## About this exercise
Lines from the one with "p$1 *\<^sub>R a" through the end of the listing below should be set down exactly, with no other line included.

## Record set
(* Let $N\ge3$ and let $([v_{ij}:v_{ji}])_{1\le i<j\le N}$ be common lines data such that every triple $(i,j,k)$ of distinct indices strictly satisfies the spherical triangle inequalities, and such that $L_{ijk,ijm}=0$ for all pairwise distinct indices $i,j,k,m$. Then there exist generic frames $F_1,\dots,F_N$ realizing the data, i.e. with $\iota_i(v_{ij})=\iota_j(v_{ji})$ for all $i\neq j$, and they are unique up to the diagonal action of $\mathrm O(3)$.
   Context: A frame is an ordered pair $(a,b)$ of orthonormal vectors in $\mathbb R^3$. Planes $P_1=\dots=P_N=\mathbb R^2$; a frame $F_i=(a_i,b_i)$ gives the embedding $\iota_i:P_i\to\mathbb R^3$, $\iota_i(x,y)=xa_i+yb_i$. Frames $F_1,\dots,F_N$ are generic if the planes $\iota_i(P_i)$ are pairwise distinct and the lines $\iota_i(P_i)\cap\iota_j(P_j)$, $i<j$, are pairwise distinct. $\mathrm O(3)$ is the group of all $3\times3$ orthogonal matrices, acting by $A\cdot(F_1,\dots,F_N)=(AF_1,\dots,AF_N)$, $A(a,b)=(Aa,Ab)$. Common lines data is a collection $([v_{ij}:v_{ji}])_{1\le i<j\le N}$ of elements of $\mathbb P(P_i\times P_j)$ (nonzero pairs $(v_{ij},v_{ji})\in\mathbb R^2\times\mathbb R^2$ up to nonzero scaling) with $\|v_{ij}\|^2=\|v_{ji}\|^2$; indices of a pair may be written in either order. For a triple and representatives, $\alpha_{ijk}=\cos^{-1}\frac{v_{ij}\cdot v_{ik}}{\|v_{ij}\|\|v_{ik}\|}$, $\beta_{ijk}=\cos^{-1}\frac{v_{ji}\cdot v_{jk}}{\|v_{ji}\|\|v_{jk}\|}$, $\gamma_{ijk}=\cos^{-1}\frac{v_{ki}\cdot v_{kj}}{\|v_{ki}\|\|v_{kj}\|}$; the triple strictly satisfies the spherical triangle inequalities if for any representatives $\beta+\gamma>\alpha$, $\alpha+\gamma>\beta$, $\alpha+\beta>\gamma$, $\alpha+\beta+\gamma<2\pi$. For pairwise distinct $i,j,k,m$ and unit-norm representatives, $L_{ijk,ijm}=\big(v_{ki}\cdot v_{kj}-(v_{ij}\cdot v_{ik})(v_{ji}\cdot v_{jk})\big)|\det[v_{ij},v_{im}]\det[v_{ji},v_{jm}]|-\sigma\big(v_{mi}\cdot v_{mj}-(v_{ij}\cdot v_{im})(v_{ji}\cdot v_{jm})\big)|\det[v_{ij},v_{ik}]\det[v_{ji},v_{jk}]|$ with $\sigma=\operatorname{sign}(\det[v_{ij},v_{ik}]\det[v_{ij},v_{im}]\det[v_{ji},v_{jk}]\det[v_{ji},v_{jm}])$, where $\det[u,w]$ is the $2\times2$ determinant with columns $u,w$. *)

theory Defs
  imports "HOL-Analysis.Analysis"
begin

text \<open>Common lines data is given by a fixed representative
  v i j (= v_ij) for every ordered pair of distinct indices.\<close>

definition det2 :: "real^2 \<Rightarrow> real^2 \<Rightarrow> real" where
  "det2 u w = u$1 * w$2 - u$2 * w$1"

definition ang :: "real^2 \<Rightarrow> real^2 \<Rightarrow> real" where
  "ang u w = arccos ((u \<bullet> w) / (norm u * norm w))"

definition sph_tri_strict :: "real \<Rightarrow> real \<Rightarrow> real \<Rightarrow> bool" where
  "sph_tri_strict \<alpha> \<beta> \<gamma> \<longleftrightarrow>
     \<beta> + \<gamma> > \<alpha> \<and> \<alpha> + \<gamma> > \<beta> \<and> \<alpha> + \<beta> > \<gamma> \<and> \<alpha> + \<beta> + \<gamma> < 2 * pi"

definition common_lines_data :: "nat \<Rightarrow> (nat \<Rightarrow> nat \<Rightarrow> real^2) \<Rightarrow> bool" where
  "common_lines_data N v \<longleftrightarrow>
     (\<forall>i\<in>{1..N}. \<forall>j\<in>{1..N}. i \<noteq> j \<longrightarrow>
        (v i j, v j i) \<noteq> (0, 0) \<and> norm (v i j) ^ 2 = norm (v j i) ^ 2)"

text \<open>Strict spherical triangle inequalities for the triple (i,j,k), for ANY representatives:
  the pair [v_ij:v_ji] is rescaled by c_ij, [v_ik:v_ki] by c_ik, [v_jk:v_kj] by c_jk.\<close>
definition triple_strict :: "(nat \<Rightarrow> nat \<Rightarrow> real^2) \<Rightarrow> nat \<Rightarrow> nat \<Rightarrow> nat \<Rightarrow> bool" where
  "triple_strict v i j k \<longleftrightarrow>
     (\<forall>cij cik cjk :: real. cij \<noteq> 0 \<longrightarrow> cik \<noteq> 0 \<longrightarrow> cjk \<noteq> 0 \<longrightarrow>
        sph_tri_strict
          (ang (cij *\<^sub>R v i j) (cik *\<^sub>R v i k))
          (ang (cij *\<^sub>R v j i) (cjk *\<^sub>R v j k))
          (ang (cik *\<^sub>R v k i) (cjk *\<^sub>R v k j)))"

definition unitv :: "(nat \<Rightarrow> nat \<Rightarrow> real^2) \<Rightarrow> nat \<Rightarrow> nat \<Rightarrow> real^2" where
  "unitv v i j = (1 / norm (v i j)) *\<^sub>R v i j"

definition Lval :: "(nat \<Rightarrow> nat \<Rightarrow> real^2) \<Rightarrow> nat \<Rightarrow> nat \<Rightarrow> nat \<Rightarrow> nat \<Rightarrow> real" where
  "Lval v i j k m =
     (let u = unitv v;
          \<sigma> = sgn (det2 (u i j) (u i k) * det2 (u i j) (u i m)
                    * det2 (u j i) (u j k) * det2 (u j i) (u j m))
      in (u k i \<bullet> u k j - (u i j \<bullet> u i k) * (u j i \<bullet> u j k))
           * \<bar>det2 (u i j) (u i m) * det2 (u j i) (u j m)\<bar>
         - \<sigma> * (u m i \<bullet> u m j - (u i j \<bullet> u i m) * (u j i \<bullet> u j m))
           * \<bar>det2 (u i j) (u i k) * det2 (u j i) (u j k)\<bar>)"

definition is_frame :: "real^3 \<Rightarrow> real^3 \<Rightarrow> bool" where
  "is_frame a b \<longleftrightarrow> norm a = 1 \<and> norm b = 1 \<and> a \<bullet> b = 0"

definition embed :: "real^3 \<Rightarrow> real^3 \<Rightarrow> real^2 \<Rightarrow> real^3" where
  "embed a b p = p$1 *\<^sub>R a + p$2 *\<^sub>R b"

definition frames :: "nat \<Rightarrow> (nat \<Rightarrow> real^3) \<Rightarrow> (nat \<Rightarrow> real^3) \<Rightarrow> bool" where
  "frames N a b \<longleftrightarrow> (\<forall>i\<in>{1..N}. is_frame (a i) (b i))"

definition plane :: "real^3 \<Rightarrow> real^3 \<Rightarrow> (real^3) set" where
  "plane a b = span {a, b}"

definition generic :: "nat \<Rightarrow> (nat \<Rightarrow> real^3) \<Rightarrow> (nat \<Rightarrow> real^3) \<Rightarrow> bool" where
  "generic N a b \<longleftrightarrow>
     (\<forall>i\<in>{1..N}. \<forall>j\<in>{1..N}. i \<noteq> j \<longrightarrow> plane (a i) (b i) \<noteq> plane (a j) (b j)) \<and>
     (\<forall>i\<in>{1..N}. \<forall>j\<in>{1..N}. \<forall>k\<in>{1..N}. \<forall>l\<in>{1..N}.
        i < j \<longrightarrow> k < l \<longrightarrow> (i, j) \<noteq> (k, l) \<longrightarrow>
        plane (a i) (b i) \<inter> plane (a j) (b j) \<noteq> plane (a k) (b k) \<inter> plane (a l) (b l))"

definition realizes :: "nat \<Rightarrow> (nat \<Rightarrow> nat \<Rightarrow> real^2) \<Rightarrow> (nat \<Rightarrow> real^3) \<Rightarrow> (nat \<Rightarrow> real^3) \<Rightarrow> bool" where
  "realizes N v a b \<longleftrightarrow>
     (\<forall>i\<in>{1..N}. \<forall>j\<in>{1..N}. i \<noteq> j \<longrightarrow>
        embed (a i) (b i) (v i j) = embed (a j) (b j) (v j i))"

end

theory Submission
  imports Defs
begin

## Written response
  "embed a b p = p$1 *\<^sub>R a + p$2 *\<^sub>R b"

definition frames :: "nat \<Rightarrow> (nat \<Rightarrow> real^3) \<Rightarrow> (nat \<Rightarrow> real^3) \<Rightarrow> bool" where
  "frames N a b \<longleftrightarrow> (\<forall>i\<in>{1..N}. is_frame (a i) (b i))"

definition plane :: "real^3 \<Rightarrow> real^3 \<Rightarrow> (real^3) set" where
  "plane a b = span {a, b}"

definition generic :: "nat \<Rightarrow> (nat \<Rightarrow> real^3) \<Rightarrow> (nat \<Rightarrow> real^3) \<Rightarrow> bool" where
  "generic N a b \<longleftrightarrow>
     (\<forall>i\<in>{1..N}. \<forall>j\<in>{1..N}. i \<noteq> j \<longrightarrow> plane (a i) (b i) \<noteq> plane (a j) (b j)) \<and>
     (\<forall>i\<in>{1..N}. \<forall>j\<in>{1..N}. \<forall>k\<in>{1..N}. \<forall>l\<in>{1..N}.
        i < j \<longrightarrow> k < l \<longrightarrow> (i, j) \<noteq> (k, l) \<longrightarrow>
        plane (a i) (b i) \<inter> plane (a j) (b j) \<noteq> plane (a k) (b k) \<inter> plane (a l) (b l))"

definition realizes :: "nat \<Rightarrow> (nat \<Rightarrow> nat \<Rightarrow> real^2) \<Rightarrow> (nat \<Rightarrow> real^3) \<Rightarrow> (nat \<Rightarrow> real^3) \<Rightarrow> bool" where
  "realizes N v a b \<longleftrightarrow>
     (\<forall>i\<in>{1..N}. \<forall>j\<in>{1..N}. i \<noteq> j \<longrightarrow>
        embed (a i) (b i) (v i j) = embed (a j) (b j) (v j i))"

end

theory Submission
  imports Defs
begin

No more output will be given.